If you are allocating nodes that are not part of a LoadLeveler cluster, MP_RESD should be set to no. If MP_RESD is set to yes, only nodes within the LoadLeveler cluster are allocated.
If you are allocating nodes of an RS/6000 network cluster, you do not have a job management system and should set MP_RESD to no. If you are using a mixed system, you may set MP_RESD to yes. However, the job management system only has knowledge of SP system nodes. To allocate any of the additional RS/6000 processors which supplement the SP system nodes in a mixed system, you must also use a host list file.
As with most POE environment variables, you can temporarily override the
value of MP_RESD using its associated command-line flag
-resd. For example, to specify that you want the
Partition Manager to connect to the Resource Manager, you could:
Set the MP_RESD environment variable: | Use the -resd flag when invoking the program: |
---|---|
|
|
You can also set MP_RESD to an empty string.

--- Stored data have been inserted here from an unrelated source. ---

(* Let $A$ be an integral domain containing $\mathbb{Q}$ and let $D$ be a locally nilpotent derivation of $A$. Let $a,b,\lambda\in A$ and $\mu\in\ker D$, all nonzero, and suppose $\lambda\, a\, D(b)=\mu\, b\, D(a)$. Then either $D(a)=D(b)=0$, or $\lambda\mu^{-1}$ (an element of the fraction field of $A$) is a positive rational number.
   Context: A derivation $D$ of $A$ is an additive map satisfying $D(ab)=aD(b)+D(a)b$; it is locally nilpotent if for every $a\in A$ there is $n$ with $D^n(a)=0$. $\ker D=\{a\in A: D(a)=0\}$. *)

theory Defs
  imports Main
begin

definition derivation :: "('a::comm_ring_1 \<Rightarrow> 'a) \<Rightarrow> bool" where
  "derivation D \<longleftrightarrow> (\<forall>x y. D (x + y) = D x + D y) \<and> (\<forall>x y. D (x * y) = x * D y + D x * y)"

definition locally_nilpotent :: "('a::comm_ring_1 \<Rightarrow> 'a) \<Rightarrow> bool" where
  "locally_nilpotent D \<longleftrightarrow> (\<forall>a. \<exists>n. (D ^^ n) a = 0)"

definition lnd :: "('a::comm_ring_1 \<Rightarrow> 'a) \<Rightarrow> bool" where
  "lnd D \<longleftrightarrow> derivation D \<and> locally_nilpotent D"

definition ker :: "('a::comm_ring_1 \<Rightarrow> 'a) \<Rightarrow> 'a set" where
  "ker D = {a. D a = 0}"

end

theory Submission
  imports Defs
begin

text \<open>
  For a locally nilpotent derivation D of a domain of characteristic 0,
  every nonzero x has a degree: the largest n with D^n x \<noteq> 0.  The general
  Leibniz rule shows that degrees add under multiplication, the leading term of a
  product being a binomial coefficient times the product of the leading terms, and
  D lowers the degree of a non-constant element by one.

  Given l a D(b) = m b D(a) with D a, D b \<noteq> 0 of degrees p, q \<ge> 1 and D m = 0,
  comparing degrees of both sides gives deg l + p + q - 1 = p + q - 1, so D l = 0.
  Applying D^N with N = p + q - 1 to both sides and using that l, m are constants
  then yields  (N choose p) l = (N choose q) m,  two positive integers.
\<close>

text \<open>The Pascal-triangle recombination used in the inductive step of the Leibniz rule.\<close>
lemma binomial_convolution_Suc:
  fixes A B :: "nat \<Rightarrow> 'a::comm_semiring_1"
  shows "(\<Sum>k\<le>n. of_nat (n choose k) * (A k * B (Suc (n-k)) + A (Suc k) * B (n-k)))
       = (\<Sum>k\<le>Suc n. of_nat (Suc n choose k) * A k * B (Suc n - k))"
proof -
  have shift: "(\<Sum>k\<le>n. of_nat (n choose k) * A k * B (Suc (n-k)))
       = A 0 * B (Suc n) + (\<Sum>i\<le>n. of_nat (n choose Suc i) * A (Suc i) * B (n - i))"
  proof -
    have "(\<Sum>k\<le>n. of_nat (n choose k) * A k * B (Suc (n-k)))
        = (\<Sum>k\<le>Suc n. of_nat (n choose k) * A k * B (Suc (n-k)))"
      by (simp add: binomial_eq_0)
    also have "\<dots> = A 0 * B (Suc n)
        + (\<Sum>i\<le>n. of_nat (n choose Suc i) * A (Suc i) * B (Suc (n - Suc i)))"
      by (subst sum.atMost_Suc_shift) simp
    also have "(\<Sum>i\<le>n. of_nat (n choose Suc i) * A (Suc i) * B (Suc (n - Suc i)))
        = (\<Sum>i\<le>n. of_nat (n choose Suc i) * A (Suc i) * B (n - i))"
      by (rule sum.cong) (auto simp: Suc_diff_Suc binomial_eq_0 le_less)
    finally show ?thesis .
  qed
  have "(\<Sum>k\<le>Suc n. of_nat (Suc n choose k) * A k * B (Suc n - k))
     = A 0 * B (Suc n) + (\<Sum>i\<le>n. of_nat (n choose i) * A (Suc i) * B (n - i))
       + (\<Sum>i\<le>n. of_nat (n choose Suc i) * A (Suc i) * B (n - i))"
    by (subst sum.atMost_Suc_shift) (simp add: sum.distrib algebra_simps)
  with shift show ?thesis
    by (simp add: sum.distrib algebra_simps)
qed

context
  fixes D :: "'a::comm_ring_1 \<Rightarrow> 'a"
  assumes der: "derivation D"
begin

lemma derivation_add: "D (x + y) = D x + D y"
  using der by (simp add: derivation_def)

lemma derivation_mult: "D (x * y) = x * D y + D x * y"
  using der by (simp add: derivation_def)

lemma derivation_zero: "D 0 = 0"
  using derivation_add[of 0 0] by (metis add.right_neutral add_left_cancel)

lemma derivation_sum: "D (sum f A) = (\<Sum>a\<in>A. D (f a))"
  by (induction A rule: infinite_finite_induct) (auto simp: derivation_zero derivation_add)

lemma derivation_of_nat_mult: "D (of_nat c * z) = of_nat c * D z"
  by (induction c) (auto simp: derivation_zero derivation_add algebra_simps)

lemma derivation_iter_zero: "(D ^^ n) 0 = 0"
  by (induction n) (auto simp: derivation_zero)

lemma derivation_iter_mult:
  "(D ^^ n) (x * y) = (\<Sum>k\<le>n. of_nat (n choose k) * (D ^^ k) x * (D ^^ (n - k)) y)"
proof (induction n)
  case 0
  then show ?case by simp
next
  case (Suc n)
  have "(D ^^ Suc n) (x * y) = (\<Sum>k\<le>n. of_nat (n choose k) * D ((D ^^ k) x * (D ^^ (n - k)) y))"
    by (simp add: Suc derivation_sum derivation_of_nat_mult mult.assoc)
  also have "\<dots> = (\<Sum>k\<le>n. of_nat (n choose k) * ((\<lambda>k. (D ^^ k) x) k * (\<lambda>k. (D ^^ k) y) (Suc (n-k))
      + (\<lambda>k. (D ^^ k) x) (Suc k) * (\<lambda>k. (D ^^ k) y) (n-k)))"
    by (simp add: derivation_mult)
  also have "\<dots> = (\<Sum>k\<le>Suc n. of_nat (Suc n choose k) * (D ^^ k) x * (D ^^ (Suc n - k)) y)"
    by (rule binomial_convolution_Suc)
  finally show ?case .
qed

lemma derivation_iter_kernel_mult:
  assumes "D c = 0" shows "(D ^^ n) (c * z) = c * (D ^^ n) z"
  by (induction n) (auto simp: derivation_mult assms)

end

definition has_degree :: "('a::comm_ring_1 \<Rightarrow> 'a) \<Rightarrow> 'a \<Rightarrow> nat \<Rightarrow> bool" where
  "has_degree D x n \<longleftrightarrow> (D ^^ n) x \<noteq> 0 \<and> (D ^^ Suc n) x = 0"

context
  fixes D :: "'a::idom \<Rightarrow> 'a"
  assumes der: "derivation D"
begin

lemma has_degree_iter_vanish:
  assumes "has_degree D x n" "k > n" shows "(D ^^ k) x = 0"
proof -
  have "(D ^^ k) x = (D ^^ (k - Suc n)) ((D ^^ Suc n) x)"
    using assms(2) by (metis Suc_leI funpow_add le_add_diff_inverse2 o_apply)
  then show ?thesis
    using assms(1) derivation_iter_zero[OF der] by (simp add: has_degree_def)
qed

lemma has_degree_unique:
  assumes "has_degree D x n" "has_degree D x n'" shows "n = n'"
  using assms has_degree_iter_vanish unfolding has_degree_def
  by (metis linorder_neqE_nat)

lemma has_degree_exists:
  assumes "locally_nilpotent D" "x \<noteq> 0" shows "\<exists>n. has_degree D x n"
proof -
  obtain m where "(D ^^ m) x = 0"
    using assms(1) unfolding locally_nilpotent_def by blast
  define k where "k = (LEAST m. (D ^^ m) x = 0)"
  have k: "(D ^^ k) x = 0"
    unfolding k_def using \<open>(D ^^ m) x = 0\<close> by (rule LeastI)
  with assms(2) obtain n where n: "k = Suc n"
    by (cases k) auto
  have "(D ^^ n) x \<noteq> 0"
    using n not_less_Least[of n "\<lambda>m. (D ^^ m) x = 0"] unfolding k_def by simp
  with k n show ?thesis
    unfolding has_degree_def by blast
qed

lemma has_degree_derivative:
  assumes "has_degree D x (Suc p)" shows "has_degree D (D x) p"
  using assms unfolding has_degree_def by (simp add: funpow_Suc_right del: funpow.simps)

lemma has_degree_pos_iff:
  assumes "has_degree D x p" shows "p > 0 \<longleftrightarrow> D x \<noteq> 0"
proof (cases p)
  case 0
  then show ?thesis using assms by (simp add: has_degree_def)
next
  case (Suc n)
  have "(D ^^ n) (D x) \<noteq> 0"
    using assms Suc by (simp add: has_degree_def funpow_Suc_right del: funpow.simps)
  then show ?thesis
    using Suc derivation_iter_zero[OF der] by auto
qed

text \<open>The leading term of a product: only the term k = p survives in the Leibniz sum.\<close>
lemma has_degree_mult_leading:
  assumes hx: "has_degree D x p" and hy: "has_degree D y q"
  shows "(D ^^ (p + q)) (x * y) = of_nat ((p + q) choose p) * (D ^^ p) x * (D ^^ q) y"
proof -
  have "(D ^^ (p + q)) (x * y)
      = (\<Sum>k\<le>p+q. of_nat ((p+q) choose k) * (D ^^ k) x * (D ^^ (p+q - k)) y)"
    by (rule derivation_iter_mult[OF der])
  also have "\<dots> = (\<Sum>k\<in>{p}. of_nat ((p+q) choose k) * (D ^^ k) x * (D ^^ (p+q - k)) y)"
  proof (rule sum.mono_neutral_right)
    show "\<forall>i\<in>{..p + q} - {p}. of_nat (p + q choose i) * (D ^^ i) x * (D ^^ (p + q - i)) y = 0"
    proof
      fix i assume "i \<in> {..p + q} - {p}"
      then have "i > p \<or> p + q - i > q" by auto
      then show "of_nat (p + q choose i) * (D ^^ i) x * (D ^^ (p + q - i)) y = 0"
        using has_degree_iter_vanish[OF hx] has_degree_iter_vanish[OF hy] by auto
    qed
  qed auto
  finally show ?thesis by simp
qed

lemma has_degree_mult:
  assumes char0: "\<And>c::nat. c > 0 \<Longrightarrow> (of_nat c :: 'a) \<noteq> 0"
    and hx: "has_degree D x p" and hy: "has_degree D y q"
  shows "has_degree D (x * y) (p + q)"
proof -
  have "(D ^^ Suc (p + q)) (x * y)
      = (\<Sum>k\<le>Suc (p+q). of_nat (Suc (p+q) choose k) * (D ^^ k) x * (D ^^ (Suc (p+q) - k)) y)"
    by (rule derivation_iter_mult[OF der])
  also have "\<dots> = 0"
  proof (rule sum.neutral, rule ballI)
    fix i assume "i \<in> {..Suc (p + q)}"
    then have "i > p \<or> Suc (p + q) - i > q" by auto
    then show "of_nat (Suc (p + q) choose i) * (D ^^ i) x * (D ^^ (Suc (p + q) - i)) y = 0"
      using has_degree_iter_vanish[OF hx] has_degree_iter_vanish[OF hy] by auto
  qed
  finally have "(D ^^ Suc (p + q)) (x * y) = 0" .
  moreover have "(D ^^ (p + q)) (x * y) \<noteq> 0"
    using has_degree_mult_leading[OF hx hy] hx hy char0[of "(p + q) choose p"]
    unfolding has_degree_def by simp
  ultimately show ?thesis
    unfolding has_degree_def by blast
qed

text \<open>
  First half of the argument: if l a D(b) = m b D(a) with D m = 0 and D a, D b \<noteq> 0,
  comparing the degrees of both sides forces l to be a constant.
\<close>
lemma proportional_derivatives_kernel:
  assumes char0: "\<And>c::nat. c > 0 \<Longrightarrow> (of_nat c :: 'a) \<noteq> 0"
    and lnil: "locally_nilpotent D"
    and ha: "has_degree D a (Suc p)" and hb: "has_degree D b (Suc q)"
    and l: "l \<noteq> 0" and m: "m \<noteq> 0" "D m = 0"
    and eq: "l * a * D b = m * b * D a"
  shows "D l = 0"
proof -
  obtain r where hl: "has_degree D l r"
    using has_degree_exists[OF lnil l] by blast
  have hm: "has_degree D m 0"
    using m by (simp add: has_degree_def)
  have "has_degree D (l * a * D b) (r + Suc p + q)"
    using has_degree_mult[OF char0 has_degree_mult[OF char0 hl ha] has_degree_derivative[OF hb]] .
  moreover have "has_degree D (l * a * D b) (0 + Suc q + p)"
    using has_degree_mult[OF char0 has_degree_mult[OF char0 hm hb] has_degree_derivative[OF ha]]
    unfolding eq .
  ultimately have "r = 0"
    using has_degree_unique by fastforce
  with hl show ?thesis
    by (simp add: has_degree_def)
qed

text \<open>
  Second half: once l and m are constants, applying D^N with N = deg a + deg b - 1 to both sides
  and comparing leading terms gives an integral proportionality between l and m.
\<close>
lemma proportional_derivatives_ratio:
  assumes ha: "has_degree D a (Suc p)" and hb: "has_degree D b (Suc q)"
    and kl: "D l = 0" and km: "D m = 0"
    and eq: "l * a * D b = m * b * D a"
  shows "of_nat ((Suc p + q) choose Suc p) * l = of_nat ((Suc p + q) choose Suc q) * m"
proof -
  define N where "N = Suc p + q"
  let ?lead = "(D ^^ Suc p) a * (D ^^ Suc q) b"
  have lead_a: "(D ^^ N) (a * D b) = of_nat (N choose Suc p) * ?lead"
    using has_degree_mult_leading[OF ha has_degree_derivative[OF hb]] unfolding N_def
    by (simp add: funpow_Suc_right mult.assoc del: funpow.simps)
  have lead_b: "(D ^^ N) (b * D a) = of_nat (N choose Suc q) * ?lead"
    using has_degree_mult_leading[OF hb has_degree_derivative[OF ha]] unfolding N_def
    by (simp add: funpow_Suc_right add.commute mult_ac del: funpow.simps)
  have "(D ^^ N) (l * (a * D b)) = (D ^^ N) (m * (b * D a))"
    using eq by (simp add: mult.assoc)
  then have "(of_nat (N choose Suc p) * l) * ?lead = (of_nat (N choose Suc q) * m) * ?lead"
    unfolding derivation_iter_kernel_mult[OF der kl] derivation_iter_kernel_mult[OF der km]
      lead_a lead_b by (simp add: mult_ac)
  moreover have "?lead \<noteq> 0"
    using ha hb by (simp add: has_degree_def)
  ultimately show ?thesis
    unfolding N_def by simp
qed

end

theorem corollary3p4:
  fixes D :: "'a::idom \<Rightarrow> 'a" and a b l m :: 'a
  assumes contains_Q: "\<And>n::nat. n > 0 \<Longrightarrow> \<exists>y::'a. of_nat n * y = 1"
    and D: "lnd D"
    and nz: "a \<noteq> 0" "b \<noteq> 0" "l \<noteq> 0" "m \<noteq> 0"
    and m_ker: "m \<in> ker D"
    and eq: "l * a * D b = m * b * D a"
  shows "(D a = 0 \<and> D b = 0) \<or>
         (\<exists>p q :: nat. p > 0 \<and> q > 0 \<and> of_nat q * l = of_nat p * m)"
proof (cases "D a = 0 \<and> D b = 0")
  case False
  have der: "derivation D" and lnil: "locally_nilpotent D"
    using D by (auto simp: lnd_def)
  have char0: "(of_nat c :: 'a) \<noteq> 0" if "c > 0" for c :: nat
    using contains_Q[OF that] by force
  have Dm: "D m = 0"
    using m_ker by (simp add: ker_def)
  have "D a \<noteq> 0" "D b \<noteq> 0"
    using False eq nz by auto
  moreover obtain p q where ha: "has_degree D a p" and hb: "has_degree D b q"
    using has_degree_exists[OF der lnil] nz by metis
  ultimately obtain p' q' where p: "p = Suc p'" and q: "q = Suc q'"
    using has_degree_pos_iff[OF der] gr0_implies_Suc by metis
  have Dl: "D l = 0"
    using proportional_derivatives_kernel[OF der char0 lnil ha[unfolded p] hb[unfolded q]] nz Dm eq
    by blast
  show ?thesis
    using proportional_derivatives_ratio[OF der ha[unfolded p] hb[unfolded q] Dl Dm eq]
    by (intro disjI2 exI[of _ "Suc p' + q' choose Suc q'"] exI[of _ "Suc p' + q' choose Suc p'"])
      auto
qed simp

end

If set to an
empty string, or if not set, the default value of MP_RESD is
interpreted as yes or no depending on the
context. Specifically, the value of MP_RESD will be
determined by the value of MP_EUILIB and whether or not you are
using a host list file. The following table shows how the context
determines the value of MP_RESD.
MP_EUILIB setting | and you are using a host list file: | and you are not using a host list file: |
---|---|---|
If MP_EUILIB is set to ip, an empty string, the word "NULL", or if not set: | MP_RESD is interpreted as no by default, unless host list file includes pool requests. | MP_RESD is interpreted as yes by default. |
If MP_EUILIB is set to us: | MP_RESD is interpreted as yes by default. | MP_RESD is interpreted as yes by default. |
Notes:
During execution, the tasks of your program can communicate via calls to message passing routines. The message passing routines in turn call communication subsystem library routines which enable the processor nodes to exchange the message data. Before you invoke your program, you need to decide which communication subsystem library implementation you wish to use - the Internet Protocol (IP) communication subsystem or the User Space (US) communication subsystem.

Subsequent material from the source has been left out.